For the older population, falls prevention is a particular focus. Age UK have recently received funding for a 'Sloppy Slippers' campaign, working with discharge and falls teams to offer a slipper exchange for those wearing slippers that are too big for them. And dance can be helpful here too.
Tim Joss is Chief Executive and Founder of Aesop, an arts enterprise with a social purpose. He created Dance to Health, a pioneering community dance programme for older people, which combines evidence-based falls prevention principles with the creativity, expression and energy of dance. He is delighted about the programme’s results, which demonstrate that the unique combination of six months of intensive Improvement classes, followed by a 12-month 'Maintenance to Sustainable' support network, could save the NHS millions of pounds a year.
Val, meanwhile, swears by dance movement therapy, a specialised tool used by trained therapists and health professionals to combat mental health issues through the use of expressive movement and dance. She attended several dance movement therapy classes during her treatment.

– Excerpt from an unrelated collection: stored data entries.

text \<open>Suppose the model M refutes \<phi> at x0, say V(\<phi>, x0) = -d < 0. Labels are mapped to
  worlds of M, starting with 1 \<mapsto> x0, and every tableau rule can be mirrored in M, so that
  some branch of any tableau for \<phi> has all its >-inequations true with margin d and all its
  \<open>\<ge>\<close>-inequations true up to a slack e > 0; the slack is the price of replacing the infimum in
  (\<open>\<rhd>\<Box>\<close>) by a nearly optimal successor. As the tableau has finitely many branches, a single
  branch admits such approximate solutions for every e, and these are bounded independently of e.
  A convergent subsequence then yields an exact solution, so that branch is not closed.\<close>

lemma finite_family_convergent_subseq:
  fixes F :: "nat \<Rightarrow> 'a \<Rightarrow> real"
  assumes "finite X" and "\<And>n x. \<bar>F n x\<bar> \<le> b x"
  shows "\<exists>\<sigma> L. strict_mono \<sigma> \<and> (\<forall>x\<in>X. (\<lambda>n. F (\<sigma> n) x) \<longlonglongrightarrow> L x)"
  using assms(1)
proof (induction X rule: finite_induct)
  case empty
  show ?case by (rule exI[of _ id]) (auto simp: strict_mono_def)
next
  case (insert x X)
  then obtain \<sigma> L where \<sigma>: "strict_mono \<sigma>" "\<forall>y\<in>X. (\<lambda>n. F (\<sigma> n) y) \<longlonglongrightarrow> L y"
    by blast
  obtain \<tau> where \<tau>: "strict_mono \<tau>" "monoseq (\<lambda>n. F (\<sigma> (\<tau> n)) x)"
    using seq_monosub[of "\<lambda>n. F (\<sigma> n) x"] by blast
  have "Bseq (\<lambda>n. F (\<sigma> (\<tau> n)) x)"
    by (rule BseqI'[of _ "b x"]) (use assms(2) in auto)
  with \<tau>(2) obtain l where l: "(\<lambda>n. F (\<sigma> (\<tau> n)) x) \<longlonglongrightarrow> l"
    using Bseq_monoseq_convergent by (auto simp: convergent_def)
  have "\<forall>y\<in>X. (\<lambda>n. F (\<sigma> (\<tau> n)) y) \<longlonglongrightarrow> L y"
    using LIMSEQ_subseq_LIMSEQ[OF _ \<tau>(1)] \<sigma>(2) by (auto simp: o_def)
  then show ?case
    using strict_mono_o[OF \<sigma>(1) \<tau>(1)] l
    by (intro exI[of _ "\<sigma> \<circ> \<tau>"] exI[of _ "L(x := l)"]) (auto simp: o_def)
qed
lemma (in vectorspace) subspace_eq_carrier_if_dim_eq:
  assumes U: "VectorSpace.subspace K U V" and fd: "fin_dim" and d: "vectorspace.dim K (vs U) = dim"
  shows "U = carrier V"
proof -
  interpret U: vectorspace K "vs U" using subspace_is_vs[OF U] .
  have sub: "submodule K U V" using U unfolding subspace_def by auto
  obtain b where b: "finite b" "U.basis b"
    using U.finite_basis_exists[OF fin_dim_subspace[OF U fd]] by blast
  have bU: "b \<subseteq> U" using b(2) unfolding U.basis_def by auto
  have "lin_indpt b" using b(2) span_li_not_depend(2)[OF bU sub] unfolding U.basis_def by auto
  moreover have "card b = dim" using U.dim_basis[OF b] d by simp
  ultimately have "basis b" using dim_li_is_basis[OF fd b(1)] bU sub
    unfolding submodule_def by auto
  then have "carrier V = span b" unfolding basis_def by auto
  also have "\<dots> \<subseteq> U" using span_is_subset[OF bU sub] .
  finally show ?thesis using sub unfolding submodule_def by auto
qed

lemma (in linear_map) inj_on_if_dim_imT_eq:
  assumes fd: "V.fin_dim" and d: "vectorspace.dim K (W.vs imT) = V.dim"
  shows "inj_on T (carrier V)"
proof (rule Ke0_imp_inj)
  interpret Ker: vectorspace K "V.vs kerT" using V.subspace_is_vs[OF kerT_is_subspace] .
  show "carrier (V.vs kerT) = {\<zero>\<^bsub>V\<^esub>}"
    using Ker.carrier_eq_zero_if_dim_0[OF V.fin_dim_subspace[OF kerT_is_subspace fd]]
      rank_nullity[OF fd] d by simp
qed

lemma inj_on_col_space_if_rank_mult_eq:
  fixes P Q :: "'a::field mat"
  assumes P: "P \<in> carrier_mat p m" and Q: "Q \<in> carrier_mat m q"
    and r: "vec_space.rank p (P * Q) = vec_space.rank m Q"
  shows "inj_on (\<lambda>v. P *\<^sub>v v) (vec_space.col_space m Q)"
proof -
  interpret V: vec_space "TYPE('a)" m .
  interpret W: vec_space "TYPE('a)" p .
  have PQ: "P * Q \<in> carrier_mat p q" using P Q by auto
  let ?SQ = "V.col_space Q" and ?SPQ = "W.col_space (P * Q)"
  have SQ_eq: "?SQ = {y \<in> carrier_vec m. \<exists>x\<in>carrier_vec q. Q *\<^sub>v x = y}"
    using V.col_space_eq[OF Q] Q by auto
  have SPQ_eq: "?SPQ = {y \<in> carrier_vec p. \<exists>x\<in>carrier_vec q. (P * Q) *\<^sub>v x = y}"
    using W.col_space_eq[OF PQ] P Q by auto
  have subQ: "VectorSpace.subspace class_ring ?SQ V.V"
    unfolding V.col_space_def using cols_dim[of "Q"] Q by (intro V.span_is_subspace) auto
  have subPQ: "VectorSpace.subspace class_ring ?SPQ W.V"
    unfolding W.col_space_def using cols_dim[of "P * Q"] P by (intro W.span_is_subspace) auto
  interpret SQ: vectorspace class_ring "V.vs ?SQ" using V.subspace_is_vs[OF subQ] .
  interpret SPQ: vectorspace class_ring "W.vs ?SPQ" using W.subspace_is_vs[OF subPQ] .
  interpret T: linear_map class_ring "V.vs ?SQ" "W.vs ?SPQ" "\<lambda>v. P *\<^sub>v v"
    unfolding linear_map_def mod_hom_def mod_hom_axioms_def LinearCombinations.module_hom_def
    using SQ.vectorspace_axioms SPQ.vectorspace_axioms P Q
    by (auto simp: vectorspace_def SQ_eq SPQ_eq mult_add_distrib_mat_vec mult_mat_vec)
  have "T.imT = ?SPQ"
    unfolding T.im_def unfolding SQ_eq SPQ_eq using P Q by auto
  then have "vectorspace.dim class_ring (SPQ.vs T.imT) = SQ.dim"
    using r unfolding V.rank_def W.rank_def V.col_space_def W.col_space_def by simp
  then show ?thesis
    using T.inj_on_if_dim_imT_eq V.fin_dim_span_cols[OF Q] unfolding V.col_space_def by simp
qed

lemma mult_left_cancel_if_rank_mult_eq:
  fixes P Q :: "'a::field mat"
  assumes P: "P \<in> carrier_mat p m" and Q: "Q \<in> carrier_mat m q"
    and r: "vec_space.rank p (P * Q) = vec_space.rank m Q"
    and Z: "Z \<in> carrier_mat q c" and Z': "Z' \<in> carrier_mat q c"
    and eq: "P * (Q * Z) = P * (Q * Z')"
  shows "Q * Z = Q * Z'"
proof (rule mat_col_eqI)
  interpret V: vec_space "TYPE('a)" m .
  fix j assume "j < dim_col (Q * Z')"
  then have j: "j < c" using Z' by simp
  have in_col_space: "Q *\<^sub>v col Y j \<in> V.col_space Q" if "Y \<in> carrier_mat q c" for Y
    unfolding V.col_space_eq[OF Q] using Q that j by auto
  have col_PQ: "col (P * (Q * Y)) j = P *\<^sub>v (Q *\<^sub>v col Y j)" if "Y \<in> carrier_mat q c" for Y
    using col_mult2[OF P mult_carrier_mat[OF Q that] j] col_mult2[OF Q that j] by simp
  have "P *\<^sub>v (Q *\<^sub>v col Z j) = P *\<^sub>v (Q *\<^sub>v col Z' j)"
    using eq col_PQ[OF Z] col_PQ[OF Z'] by metis
  then have "Q *\<^sub>v col Z j = Q *\<^sub>v col Z' j"
    by (rule inj_onD[OF inj_on_col_space_if_rank_mult_eq[OF P Q r] _ in_col_space[OF Z] in_col_space[OF Z']])
  then show "col (Q * Z) j = col (Q * Z') j"
    by (simp only: col_mult2[OF Q Z j] col_mult2[OF Q Z' j])
qed (use Z Z' in auto)
lemma pder_sum:
  "finite S \<Longrightarrow> (\<And>i. i \<in> S \<Longrightarrow> F i differentiable at x) \<Longrightarrow>
   pder [k] (\<lambda>y. \<Sum>i\<in>S. F i y) x = (\<Sum>i\<in>S. pder [k] (F i) x)"
proof (induction S rule: finite_induct)
  case empty then show ?case by simp
next
  case (insert a S)
  have "(\<lambda>y. \<Sum>i\<in>S. F i y) differentiable at x"
    using insert.prems by (intro differentiable_sum) (auto simp: insert.hyps)
  then show ?case using insert pder_add[of "F a" x "\<lambda>y. \<Sum>i\<in>S. F i y" k] by simp
qed

lemma pder_scaleR_const: "F differentiable at x \<Longrightarrow> pder [k] (\<lambda>y. c *\<^sub>R F y) x = c *\<^sub>R pder [k] F x"
  by (rule pder_linear[OF bounded_linear_scaleR_right])

lemma pder_minus: "F differentiable at x \<Longrightarrow> pder [k] (\<lambda>y. - F y) x = - pder [k] F x"
  by (rule pder_linear[OF bounded_linear_minus[OF bounded_linear_ident]])

lemma pder_component: "v differentiable at x \<Longrightarrow> pder [k] (\<lambda>y. v y $ i) x = pder [k] v x $ i"
  by (rule pder_linear[OF bounded_linear_vec_nth])

lemma pder_entry: "F differentiable at y \<Longrightarrow> pder [k] (\<lambda>y. F y $ i $ j) y = pder [k] F y $ i $ j"
  by (simp add: pder_component differentiable_bounded_linear[OF bounded_linear_vec_nth])
(* Let $r>1$ and let $k,\ell,m$ be positive integers with $k\ge 2$. Choose $x_0$ uniformly at random from the vertex set of the $(k,\ell,m)$-metafunnel and run the Moran process with fitness $r$ on it with initial mutant $x_0$. Then the extinction probability is at least $1/(2(m+r))$.
   Context: Moran process: given a directed graph $G$ and fitness $r$, one vertex $x_0$ is a mutant, the rest non-mutants. At each step a vertex $v$ is chosen with probability proportional to fitness (mutants $r$, non-mutants $1$), an out-neighbour $w$ of $v$ is chosen uniformly at random and the state of $v$ is copied to $w$. Extinction: eventually no vertex is a mutant. The $(k,\ell,m)$-metafunnel has vertex set $V_0\cup V_1\cup\dots\cup V_k$ (disjoint), where $V_0=\{v^*\}$ and for $i\in[k]$, $V_i$ is the disjoint union of sets $V_{i,1},\dots,V_{i,\ell}$ each of size $m^i$; its edge set is $(V_0\times V_k)\cup(V_1\times V_0)\cup\bigcup_{i\in[k-1]}\bigcup_{j\in[\ell]}(V_{i+1,j}\times V_{i,j})$. *)

theory Defs
  imports Complex_Main
begin

text \<open>Moran process on a directed graph with finite vertex set V and edge set E
  (pairs (v,w) meaning an edge from v to w). States are sets of mutants.\<close>

definition out_nbrs :: "('a \<times> 'a) set \<Rightarrow> 'a \<Rightarrow> 'a set" where
  "out_nbrs E v = {w. (v, w) \<in> E}"

definition fitness :: "real \<Rightarrow> 'a set \<Rightarrow> 'a \<Rightarrow> real" where
  "fitness r S v = (if v \<in> S then r else 1)"

definition total_fitness :: "'a set \<Rightarrow> real \<Rightarrow> 'a set \<Rightarrow> real" where
  "total_fitness V r S = (\<Sum>v\<in>V. fitness r S v)"

definition moran_update :: "'a set \<Rightarrow> 'a \<Rightarrow> 'a \<Rightarrow> 'a set" where
  "moran_update S v w = (if v \<in> S then insert w S else S - {w})"

text \<open>A vertex with no out-neighbours
  (does not occur in the metafunnel) leaves the state unchanged when chosen.\<close>
fun ext_within :: "'a set \<Rightarrow> ('a \<times> 'a) set \<Rightarrow> real \<Rightarrow> nat \<Rightarrow> 'a set \<Rightarrow> real" where
  "ext_within V E r 0 S = (if S = {} then 1 else 0)"
| "ext_within V E r (Suc n) S =
     (if S = {} then 1 else
        (\<Sum>v\<in>V. (fitness r S v / total_fitness V r S) *
           (if out_nbrs E v = {} then ext_within V E r n S
            else (\<Sum>w\<in>out_nbrs E v. ext_within V E r n (moran_update S v w)
                    / real (card (out_nbrs E v))))))"

definition extinction_prob :: "'a set \<Rightarrow> ('a \<times> 'a) set \<Rightarrow> real \<Rightarrow> 'a set \<Rightarrow> real" where
  "extinction_prob V E r S = (SUP n. ext_within V E r n S)"

definition uniform_extinction_prob :: "'a set \<Rightarrow> ('a \<times> 'a) set \<Rightarrow> real \<Rightarrow> real" where
  "uniform_extinction_prob V E r =
     (\<Sum>x\<in>V. extinction_prob V E r {x}) / real (card V)"

text \<open>(k,l,m)-metafunnel. Vertex (0,0,0) is v*; vertex (i,j,t) with 1<=i<=k,
  1<=j<=l, t<m^i belongs to V_{i,j}.\<close>
definition mf_part :: "nat \<Rightarrow> nat \<Rightarrow> nat \<Rightarrow> (nat \<times> nat \<times> nat) set" where
  "mf_part m i j = {(i, j, t) | t. t < m ^ i}"

definition mf_level :: "nat \<Rightarrow> nat \<Rightarrow> nat \<Rightarrow> (nat \<times> nat \<times> nat) set" where
  "mf_level l m i = (\<Union>j\<in>{1..l}. mf_part m i j)"

definition metafunnel_V :: "nat \<Rightarrow> nat \<Rightarrow> nat \<Rightarrow> (nat \<times> nat \<times> nat) set" where
  "metafunnel_V k l m = {(0, 0, 0)} \<union> (\<Union>i\<in>{1..k}. mf_level l m i)"

definition metafunnel_E :: "nat \<Rightarrow> nat \<Rightarrow> nat \<Rightarrow> ((nat \<times> nat \<times> nat) \<times> (nat \<times> nat \<times> nat)) set" where
  "metafunnel_E k l m =
     ({(0, 0, 0)} \<times> mf_level l m k) \<union> (mf_level l m 1 \<times> {(0, 0, 0)}) \<union>
     (\<Union>i\<in>{1..k - 1}. \<Union>j\<in>{1..l}. mf_part m (i + 1) j \<times> mf_part m i j)"

end

theory Submission
  imports Defs
begin

(* While a single vertex x is the only mutant, a step of a non-mutant v that has x among its
   out-neighbours kills x with probability 1/deg(v); summed over v this is the temperature T(x).
   Every other non-mutant step leaves the state unchanged, and a step of x itself (weight r)
   contributes at least 0. Hence the probability p(n) of extinction within n steps satisfies
   p(n+1) >= (T + (N - 1 - T) p(n)) / (r + N - 1), whose fixed point is T(x) / (T(x) + r).

   In the metafunnel every vertex outside the top level V_k has temperature at least m: the
   m^(i+1) vertices of V_(i+1,j) all point to each vertex of V_(i,j) and have out-degree m^i,
   and v* is entered from the m vertices of V_(1,1), which have out-degree 1. Since
   |V_k| = m |V_(k-1)|, these vertices make up at least a 1/(2m) fraction of the graph, so the
   uniform extinction probability is at least 1/(2m) * m/(m + r). *)

definition offspring_prob :: "('a \<times> 'a) set \<Rightarrow> 'a \<Rightarrow> 'a \<Rightarrow> real" where
  "offspring_prob E v w = (if (v, w) \<in> E then 1 / real (card (out_nbrs E v)) else 0)"

definition temperature :: "'a set \<Rightarrow> ('a \<times> 'a) set \<Rightarrow> 'a \<Rightarrow> real" where
  "temperature V E x = (\<Sum>v\<in>V - {x}. offspring_prob E v x)"

definition ext_within_after :: "'a set \<Rightarrow> ('a \<times> 'a) set \<Rightarrow> real \<Rightarrow> nat \<Rightarrow> 'a set \<Rightarrow> 'a \<Rightarrow> real" where
  "ext_within_after V E r n S v =
     (if out_nbrs E v = {} then ext_within V E r n S
      else (\<Sum>w\<in>out_nbrs E v. ext_within V E r n (moran_update S v w) / real (card (out_nbrs E v))))"

lemma ext_within_empty [simp]: "ext_within V E r n {} = 1"
  by (cases n) auto

lemma ext_within_Suc:
  "S \<noteq> {} \<Longrightarrow> ext_within V E r (Suc n) S =
     (\<Sum>v\<in>V. fitness r S v / total_fitness V r S * ext_within_after V E r n S v)"
  by (simp add: ext_within_after_def)

declare ext_within.simps(2) [simp del]

lemma offspring_prob_nonneg: "0 \<le> offspring_prob E v w"
  by (simp add: offspring_prob_def)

'It’s just another means to get people to talk,' she explains. 'Some people will be, you know, in a light-hearted frame of mind...there’ll be others who won’t want to lift their heads and they don’t want to say anything. But it’s actually – I noticed it did help people to get out of themselves and relax. People who have probably never spoken about their problems or what happened to them, they started to open up, other people would chime in. Because they were busy sort of moving, even if it was just going from one foot to another, it really helped.'
Yalding used to run classes like this. But as Val herself points out, 'the sad thing is, with the cutbacks and the funding difficulties over the years, these more specialised therapies in a lot of places are not available anymore.' Katrina, too, is convinced of its effectiveness, but her hands are tied: 'if I could find a good teacher for a good price, I’d have it back in a flash.'
Now, Val is a new member of the UpCycle You programme at the Yalding Centre, a weekly creative older women’s group conceived jointly with Peckham Levels artists. The group aims to upskill the members to create their own handmade goods: Val is learning to knit with a thick, multi-coloured wool, as well as using it as a cool-down time after her Zumba class. Comparing it to dance therapy, she says 'it’s quite relaxing. You see it happening here where people will sit and chat and joke with each other, so…it’s not just sitting there and doing something practical, it gets people out of their shells!'
For Putney residents Regenerate-RISE on Felsham Road offers seated dance classes, one of which I went along to a couple of weeks ago. They're provided by a qualified dance teacher, and provide a much-needed chance for exercise, flexibility and mobility practice for the members of the centre. There are also similar services on offer at the Furzedown Project in Tooting, a little further south".